You are such a failure.
You are too fat and unattractive, you need to lose weight.
You are not good enough at your job.
You are hopeless – why did you ever make that mistake.
Everyone must be thinking that you are so [boring/unattractive/slow/silly] …
Would you ever say these words to someone that you loved and cared about? Could you imagine talking to your child, your best-friend or your parent in this way? Yet if you were to tune-in to the voice in your mind, your own internal narrative, do you find that sometimes you talk to yourself in a harsh and critical way?
Many people are incredibly harsh and critical when speaking to themselves.
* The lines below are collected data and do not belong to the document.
lemma suminf_of_nat_le_of_nat_iff:
  fixes f :: "nat \<Rightarrow> nat"
  shows "(\<Sum>j. ennreal (real (f j))) \<le> of_nat t \<longleftrightarrow> (\<forall>n. (\<Sum>i<n. f i) \<le> t)"
  by (simp add: suminf_eq_SUP SUP_le_iff flip: of_nat_sum ennreal_of_nat_eq_real_of_nat)

lemma suminf_of_nat_eq_of_nat_iff:
  fixes f :: "nat \<Rightarrow> nat"
  shows "(\<Sum>j. ennreal (real (f j))) = of_nat t \<longleftrightarrow>
    (\<Sum>j. ennreal (real (f j))) < of_nat (Suc t) \<and> \<not> (\<Sum>j. ennreal (real (f j))) < of_nat t"
proof -
  have "(\<Sum>j. ennreal (real (f j))) < of_nat (Suc t) \<longleftrightarrow> (\<Sum>j. ennreal (real (f j))) \<le> of_nat t"
    unfolding suminf_of_nat_less_of_nat_iff suminf_of_nat_le_of_nat_iff by (simp add: less_Suc_eq_le)
  then show ?thesis
    by (metis antisym not_less order_refl)
qed

lemma (in finite_measure) distribution_suminf_from_partial_sums:
  fixes Y :: "nat \<Rightarrow> 'a \<Rightarrow> nat" and q :: "nat \<Rightarrow> real"
  assumes [measurable]: "\<And>i. Y i \<in> measurable M (count_space UNIV)"
    and partial_sums_tendsto: "\<And>t. (\<lambda>n. measure M {\<omega>\<in>space M. (\<Sum>i<n. Y i \<omega>) = t}) \<longlonglongrightarrow> q t"
  defines "S \<equiv> \<lambda>\<omega>. \<Sum>j. ennreal (real (Y j \<omega>))"
  shows "q sums measure M {\<omega>\<in>space M. S \<omega> < \<infinity>}"
    and "measure M {\<omega>\<in>space M. S \<omega> = ennreal (real t)} = q t"
proof -
  define L where "L t = {\<omega>\<in>space M. S \<omega> < of_nat t}" for t
  have L_sets [measurable]: "L t \<in> sets M" for t
    unfolding L_def S_def by measurable
  have L_mono: "L t \<subseteq> L t'" if "t \<le> t'" for t t'
    using that unfolding L_def by (auto intro: less_le_trans)
  have L_eq: "L t = (\<Inter>n. {\<omega>\<in>space M. (\<Sum>i<n. Y i \<omega>) < t})" for t
    unfolding L_def S_def suminf_of_nat_less_of_nat_iff by auto
  have measure_L: "measure M (L t) = (\<Sum>j<t. q j)" for t
  proof -
    have "(\<lambda>n. measure M {\<omega>\<in>space M. (\<Sum>i<n. Y i \<omega>) < t}) \<longlonglongrightarrow> measure M (L t)"
      unfolding L_eq
      by (rule finite_Lim_measure_decseq) (auto simp: decseq_def intro: le_less_trans[OF sum_mono2])
    moreover have "measure M {\<omega>\<in>space M. (\<Sum>i<n. Y i \<omega>) < t}
        = (\<Sum>j<t. measure M {\<omega>\<in>space M. (\<Sum>i<n. Y i \<omega>) = j})" for n
    proof -
      have "{\<omega>\<in>space M. (\<Sum>i<n. Y i \<omega>) < t} = (\<Union>j<t. {\<omega>\<in>space M. (\<Sum>i<n. Y i \<omega>) = j})"
        by auto
      then show ?thesis
        by (simp only:) (rule finite_measure_finite_Union, auto simp: disjoint_family_on_def)
    qed
    ultimately show ?thesis
      by (simp add: LIMSEQ_unique[OF _ tendsto_sum[OF partial_sums_tendsto]])
  qed
  have "{\<omega>\<in>space M. S \<omega> < \<infinity>} = (\<Union>t. L t)"
    unfolding L_def using ennreal_Ex_less_of_nat by (auto intro: less_le_trans)
  moreover have "(\<lambda>t. measure M (L t)) \<longlonglongrightarrow> measure M (\<Union>t. L t)"
    using L_sets L_mono by (intro finite_Lim_measure_incseq) (auto simp: incseq_def)
  ultimately show "q sums measure M {\<omega>\<in>space M. S \<omega> < \<infinity>}"
    by (simp add: sums_def measure_L)
  have "{\<omega>\<in>space M. S \<omega> = ennreal (real t)} = {\<omega>\<in>space M. S \<omega> = of_nat t}"
    by (simp add: ennreal_of_nat_eq_real_of_nat)
  also have "\<dots> = L (Suc t) - L t"
    unfolding L_def S_def by (auto simp: suminf_of_nat_eq_of_nat_iff simp del: of_nat_Suc)
  finally have law: "measure M {\<omega>\<in>space M. S \<omega> = ennreal (real t)} = measure M (L (Suc t)) - measure M (L t)"
    using finite_measure_Diff[OF L_sets L_sets L_mono[of t "Suc t"]] by simp
  show "measure M {\<omega>\<in>space M. S \<omega> = ennreal (real t)} = q t"
    unfolding law measure_L by simp
qed

lemma (in finite_measure) measure_sum_eq_sum_multisets_of_size:
  fixes Y :: "nat \<Rightarrow> 'a \<Rightarrow> nat"
  assumes [measurable]: "\<And>i. Y i \<in> measurable M (count_space UNIV)"
  shows "measure M {\<omega>\<in>space M. (\<Sum>i<n. Y i \<omega>) = t}
       = (\<Sum>X\<in>multisets_of_size {..<n} t. measure M {\<omega>\<in>space M. \<forall>i<n. Y i \<omega> = count X i})"
proof -
  have "{\<omega>\<in>space M. (\<Sum>i<n. Y i \<omega>) = t}
      = (\<Union>X\<in>multisets_of_size {..<n} t. {\<omega>\<in>space M. \<forall>i<n. Y i \<omega> = count X i})"
  proof (intro equalityI subsetI)
    fix \<omega> assume \<omega>: "\<omega> \<in> {\<omega>\<in>space M. (\<Sum>i<n. Y i \<omega>) = t}"
    define X where "X = (\<Sum>i<n. replicate_mset (Y i \<omega>) i)"
    have count_X: "count X i = (if i < n then Y i \<omega> else 0)" for i
      by (simp add: X_def count_sum)
    have "set_mset X \<subseteq> {..<n}"
      using count_X by (auto simp flip: count_greater_zero_iff split: if_splits)
    moreover have "size X = t"
      using \<omega> by (simp add: X_def)
    ultimately have "X \<in> multisets_of_size {..<n} t"
      by (simp add: multisets_of_size_def)
    then show "\<omega> \<in> (\<Union>X\<in>multisets_of_size {..<n} t. {\<omega>\<in>space M. \<forall>i<n. Y i \<omega> = count X i})"
      using \<omega> count_X by (intro UN_I[of X]) auto
  qed (auto simp: multisets_of_size_def sum_count_eq_size)
  moreover have "X = X'"
    if "X \<in> multisets_of_size {..<n} t" "X' \<in> multisets_of_size {..<n} t"
      and "\<forall>i<n. count X i = count X' i" for X X'
    using that by (intro multiset_eqI) (metis count_eq_zero_iff lessThan_iff multisets_of_size_subset subsetD)
  then have "disjoint_family_on (\<lambda>X. {\<omega>\<in>space M. \<forall>i<n. Y i \<omega> = count X i}) (multisets_of_size {..<n} t)"
    by (fastforce simp: disjoint_family_on_def)
  ultimately show ?thesis
    by (simp only:) (rule finite_measure_finite_Union, auto)
qed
Often this just comes naturally, without them having very much conscious control over it. For some people, it is a by-product of a culture which encourages us to be self-depreciating and modest. For others, being harsh and critical may have become a way to motivate themselves to do better and push harder. Yet taking this tough-love approach has been shown by various studies to be much less effective than a more compassionate and kinder form of motivation.
One of the reasons for this, is that the way we speak to ourselves often then forms the basis of the beliefs that we have about ourselves. We have to be careful what language we use to speak to ourselves, because these words then form the basis of our belief systems in life. These belief systems then dictate our actions and how we behave and interact with the world. So, for example, if I keep telling myself “you are not good enough, you are a failure”, over time I will begin to believe that this is true but it may then also affect things that I do in life. For example, I may not apply for a promotion at work because I don’t believe that “I am good enough” or I may not go on that date because I don’t think that “I am good enough” for the person I am about to meet. The language that we use to speak to ourselves really does matter, because it shapes our self-perception.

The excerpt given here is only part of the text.